Look at any map of Homo Sapien migration and the “trunk” of the European migration path lies directly across the area practically sterilized by that eruption at about the same time the migration was happening. It would have sucked to be them.
Leif Svalgaard (06:09:34) :
The HMF and the Be10 record correlate so well, showing the 1970s cooling period. The absolute low in Be10 corresponds to the peak of Solar Cycle 21, which is also the point at which Schatten’s SODA index starts declining.
This graphic reminds me of a graphic I will be using in a public lecture next Monday. At a graph showing the difference between solar minima in the second half of the 19th century and the second half of the 20th century, I will say” Are there any Generation Y people in the room? Anybody? This graph is for you. We baby boomers have had fun with the planet you will be inheriting. We have burnt most of the oil, there are now shortages of basic commodities like coking coal, we had the best music, and we had the best weather too – caused by a run of short solar cycles. My generation has known a warm, giving Sun, but yours will suffer a Sun that is less giving, and the Earth will be less fruitful.”
Geoff Alder (06:03:45)
If you look at the NOAA sst anomalies, there is a big, persistent patch of cold water to the south of you.
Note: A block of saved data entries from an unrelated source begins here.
lemma C2_on_lipschitz_derivative:
  fixes g :: "'a::real_normed_vector \<Rightarrow> real"
  assumes "C2_on S g" "compact S" "convex S"
  obtains g' :: "'a \<Rightarrow> 'a \<Rightarrow>\<^sub>L real" and B B1
  where "\<forall>p\<in>S. (g has_derivative blinfun_apply (g' p)) (at p within S)"
    "B-lipschitz_on S g'" "B1-lipschitz_on S g"
proof -
  obtain g' :: "'a \<Rightarrow> 'a \<Rightarrow>\<^sub>L real" and g'' :: "'a \<Rightarrow> 'a \<Rightarrow>\<^sub>L ('a \<Rightarrow>\<^sub>L real)"
    where d1: "\<forall>p\<in>S. (g has_derivative blinfun_apply (g' p)) (at p within S)"
      and d2: "\<forall>p\<in>S. (g' has_derivative blinfun_apply (g'' p)) (at p within S)"
      and cont: "continuous_on S g''"
    using assms(1) unfolding C2_on_def by blast
  have "continuous_on S g'"
    using d2 has_derivative_continuous continuous_on_eq_continuous_within by blast
  then have "bounded (g'' ` S)" "bounded (g' ` S)"
    using assms(2) cont by (auto intro: compact_imp_bounded compact_continuous_image)
  then obtain B B1 where B: "B > 0" "\<forall>p\<in>S. norm (g'' p) \<le> B"
    and B1: "B1 > 0" "\<forall>p\<in>S. norm (g' p) \<le> B1"
    by (auto simp: bounded_pos)
  have "B-lipschitz_on S g'"
    using d2 B assms(3) by (intro bounded_derivative_imp_lipschitz) (auto simp: norm_blinfun.rep_eq)
  moreover have "B1-lipschitz_on S g"
    using d1 B1 assms(3)
    by (intro bounded_derivative_imp_lipschitz) (auto simp: norm_blinfun.rep_eq)
  ultimately show thesis using d1 that by blast
qed

lemma C2_on_real_interval:
  fixes g :: "real \<Rightarrow> real"
  assumes "C2_on {a..b} g"
  obtains g' B B1
  where "\<forall>y\<in>{a..b}. (g has_real_derivative g' y) (at y within {a..b})"
    "B-lipschitz_on {a..b} g'" "B1-lipschitz_on {a..b} g"
proof -
  obtain h B B1 where d: "\<forall>y\<in>{a..b}. (g has_derivative blinfun_apply (h y)) (at y within {a..b})"
    and lip: "B-lipschitz_on {a..b} h" "B1-lipschitz_on {a..b} g"
    using C2_on_lipschitz_derivative[OF assms] by auto
  have "blinfun_apply (h y) = (*) (h y 1)" for y
  proof
    fix t :: real
    have "h y t = h y (t *\<^sub>R 1)" by simp
    also have "\<dots> = t *\<^sub>R h y 1" by (rule blinfun.scaleR_right)
    finally show "h y t = h y 1 * t" by simp
  qed
  then have "\<forall>y\<in>{a..b}. (g has_real_derivative h y 1) (at y within {a..b})"
    using d by (simp add: has_field_derivative_def)
  with lipschitz_on_blinfun_apply[OF lip(1), of 1] lip(2) show thesis
    using that by simp
qed

lemma C2_on_square_partial:
  fixes c :: "real \<Rightarrow> real \<Rightarrow> real"
  assumes "C2_on ({a..b} \<times> {a..b}) (\<lambda>p. c (fst p) (snd p))"
  obtains c1 B B1
  where "\<forall>y\<in>{a..b}. \<forall>z\<in>{a..b}. ((\<lambda>u. c u z) has_real_derivative c1 y z) (at y within {a..b})"
    "B-lipschitz_on ({a..b} \<times> {a..b}) (\<lambda>p. c1 (fst p) (snd p))"
    "B1-lipschitz_on ({a..b} \<times> {a..b}) (\<lambda>p. c (fst p) (snd p))"
proof -
  let ?Q = "{a..b} \<times> {a..b}"
  obtain h B B1
    where d: "\<forall>p\<in>?Q. ((\<lambda>p. c (fst p) (snd p)) has_derivative blinfun_apply (h p)) (at p within ?Q)"
    and lip: "B-lipschitz_on ?Q h" "B1-lipschitz_on ?Q (\<lambda>p. c (fst p) (snd p))"
    using C2_on_lipschitz_derivative[OF assms compact_Times convex_Times] by auto
  define c1 where "c1 y z = h (y, z) (1, 0)" for y z
  have "((\<lambda>u. c u z) has_real_derivative c1 y z) (at y within {a..b})"
    if "y \<in> {a..b}" "z \<in> {a..b}" for y z
  proof -
    have pair: "((\<lambda>u. (u, z)) has_derivative (\<lambda>t. (t, 0))) (at y within {a..b})"
      by (rule has_derivative_Pair[OF has_derivative_ident has_derivative_const])
    have "((\<lambda>u. c (fst (u, z)) (snd (u, z))) has_derivative (\<lambda>t. h (y, z) (t, 0)))
        (at y within {a..b})"
      by (rule has_derivative_in_compose2[OF d[rule_format] _ that(1) pair]) (use that in auto)
    moreover have "h (y, z) (t, 0) = c1 y z * t" for t
    proof -
      have "h (y, z) (t, 0) = h (y, z) (t *\<^sub>R (1, 0))" by simp
      also have "\<dots> = t *\<^sub>R h (y, z) (1, 0)" by (rule blinfun.scaleR_right)
      finally show ?thesis by (simp add: c1_def)
    qed
    ultimately show ?thesis by (simp add: has_field_derivative_def)
  qed
  moreover have "B-lipschitz_on ?Q (\<lambda>p. c1 (fst p) (snd p))"
    using lipschitz_on_blinfun_apply[OF lip(1), of "(1, 0)"] by (simp add: c1_def)
  ultimately show thesis using that lip(2) by blast
qed

section \<open>First-order expansion of the invasion fitness\<close>

lemma fit_diagonal: "c y y \<noteq> 0 \<Longrightarrow> fit b d c y y = 0"
  by (simp add: fit_def)

lemma fit_partial_derivative:
  fixes b d :: "real \<Rightarrow> real" and c :: "real \<Rightarrow> real \<Rightarrow> real"
  assumes b_C2: "C2_on {a0..a1} b" and d_C2: "C2_on {a0..a1} d"
    and c_C2: "C2_on ({a0..a1} \<times> {a0..a1}) (\<lambda>p. c (fst p) (snd p))"
    and c_diag_pos: "\<forall>y\<in>{a0..a1}. c y y > 0"
  obtains f1 M L
  where "\<forall>z\<in>{a0..a1}. \<forall>u\<in>{a0..a1}.
      ((\<lambda>u. fit b d c u z) has_real_derivative f1 z u) (at u within {a0..a1})"
    "\<forall>z\<in>{a0..a1}. M-lipschitz_on {a0..a1} (f1 z)" "0 \<le> M"
    "L-lipschitz_on {a0..a1} (\<lambda>y. f1 y y)"
proof -
  let ?J = "{a0..a1}"
  obtain b' Lb' Lb where b': "\<forall>y\<in>?J. (b has_real_derivative b' y) (at y within ?J)"
    and lip_b: "Lb'-lipschitz_on ?J b'" "Lb-lipschitz_on ?J b"
    using C2_on_real_interval[OF b_C2] by blast
  obtain d' Ld' Ld where d': "\<forall>y\<in>?J. (d has_real_derivative d' y) (at y within ?J)"
    and lip_d: "Ld'-lipschitz_on ?J d'" "Ld-lipschitz_on ?J d"
    using C2_on_real_interval[OF d_C2] by blast
  obtain c1 Lc1 Lc
    where c1: "\<forall>y\<in>?J. \<forall>z\<in>?J. ((\<lambda>u. c u z) has_real_derivative c1 y z) (at y within ?J)"
    and lip_c: "Lc1-lipschitz_on (?J \<times> ?J) (\<lambda>p. c1 (fst p) (snd p))"
      "Lc-lipschitz_on (?J \<times> ?J) (\<lambda>p. c (fst p) (snd p))"
    using C2_on_square_partial[OF c_C2] by blast
  (* the monomorphic equilibrium density of trait z *)
  define n where "n z = (b z - d z) / c z z" for z
  obtain Ln where lip_n: "Ln-lipschitz_on ?J n"
    unfolding n_def using lipschitz_on_divide_compact[OF _ lipschitz_on_diff[OF lip_b(2) lip_d(2)]
        lipschitz_on_diagonal[OF lip_c(2)] c_diag_pos] by auto
  obtain N where "N > 0" and N: "\<forall>z\<in>?J. \<bar>n z\<bar> \<le> N"
    using lipschitz_on_compact_bounded[OF _ lip_n] by auto
  define f1 where "f1 z u = b' u - d' u - n z * c1 u z" for z u
  have "((\<lambda>u. fit b d c u z) has_real_derivative f1 z u) (at u within ?J)"
    if "z \<in> ?J" "u \<in> ?J" for z u
  proof -
    have "fit b d c u z = b u - d u - n z * c u z" for u
      by (simp add: fit_def n_def)
    then show ?thesis
      unfolding f1_def using b' d' c1 that by (auto intro!: derivative_eq_intros)
  qed
  moreover have "(Lb' + Ld' + N * Lc1)-lipschitz_on ?J (f1 z)" if "z \<in> ?J" for z
    unfolding f1_def using lip_b(1) lip_d(1) lipschitz_on_section[OF lip_c(1) that] N that
    by (intro lipschitz_on_diff lipschitz_on_cmult_real_upper) auto
  moreover have "0 \<le> Lb' + Ld' + N * Lc1"
    using \<open>N > 0\<close> lip_b(1) lip_d(1) lip_c(1) by (simp add: lipschitz_on_nonneg)
  moreover obtain L where "L-lipschitz_on ?J (\<lambda>y. f1 y y)"
  proof -
    obtain Lp where "Lp-lipschitz_on ?J (\<lambda>y. n y * c1 y y)"
      using lipschitz_on_mult_compact[OF _ lip_n lipschitz_on_diagonal[OF lip_c(1)]] by auto
    from lipschitz_on_diff[OF lipschitz_on_diff[OF lip_b(1) lip_d(1)] this] show thesis
      by (intro that) (simp add: f1_def)
  qed
  ultimately show thesis using that by blast
qed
Leif Svalgaard (22:14:21) :
In case anybody is in any doubt, the volcanoes that Dr Svalgaard has invoked to explain away the Be10 record are just a figment of his imagination. Sad, really.
John Egan (20:03:14) :
Drill, baby, drill. I just wanted to say that. The good thing about the Be10 record is that it can’t be fiddled with using calibration issues as an excuse, unlike the aa Index and the sunspot record.
Robert Bateman (08:46:03) :
There are reports that Spring in some parts of the US is two weeks later than normal. Two weeks at both ends of the growing season and you have a significant effect. My calculations are that a full blown Dalton Minimum rerun will reduce US agricultural production by 20%, taking the US out of the export food market. In turn, for some people on the planet, this will mean that eating animal protein will be a fond memory.
The Be10 – climate correlation is proof of Svensmark’s theory, but the theory that has real life consequences (and commercial application) is that of Friis-Christenson and Lassen. The warning is not in the stars plural, it is in our star. Each day’s delay in the onset of Solar Cycle 24 means that it will be 0.002 degrees colder. The days are adding up. We are talking about real suffering coming.
So here is an odd question, since the heliosphere is huge (the voyagers only went past a couple years ago) and is effectively like a baloon that is being pressurized from the center and blown on one side by the galactic wind (for lack of a better term). Now since it is so huge, one could likely assume that it takes some time before solar wind changes would truly make a difference to the heliopause (the actual boundry). The question is, would the heliopause boundry likely rapidly change position if the pressure (when it finally got there) decreased, or would it be more of an ebb/flow reaction in your opinion.
I ask because if the heliopause were to suddenly colapse in, say to 75% of where it is now, there would likely be a dramatic swing in GCR’s which would have the effect of a rapid effect on the climate. It would likely take quite a while to rebuild the pressure inside the heliosphere.
Offering this up as an altenate theory for rapid climate change.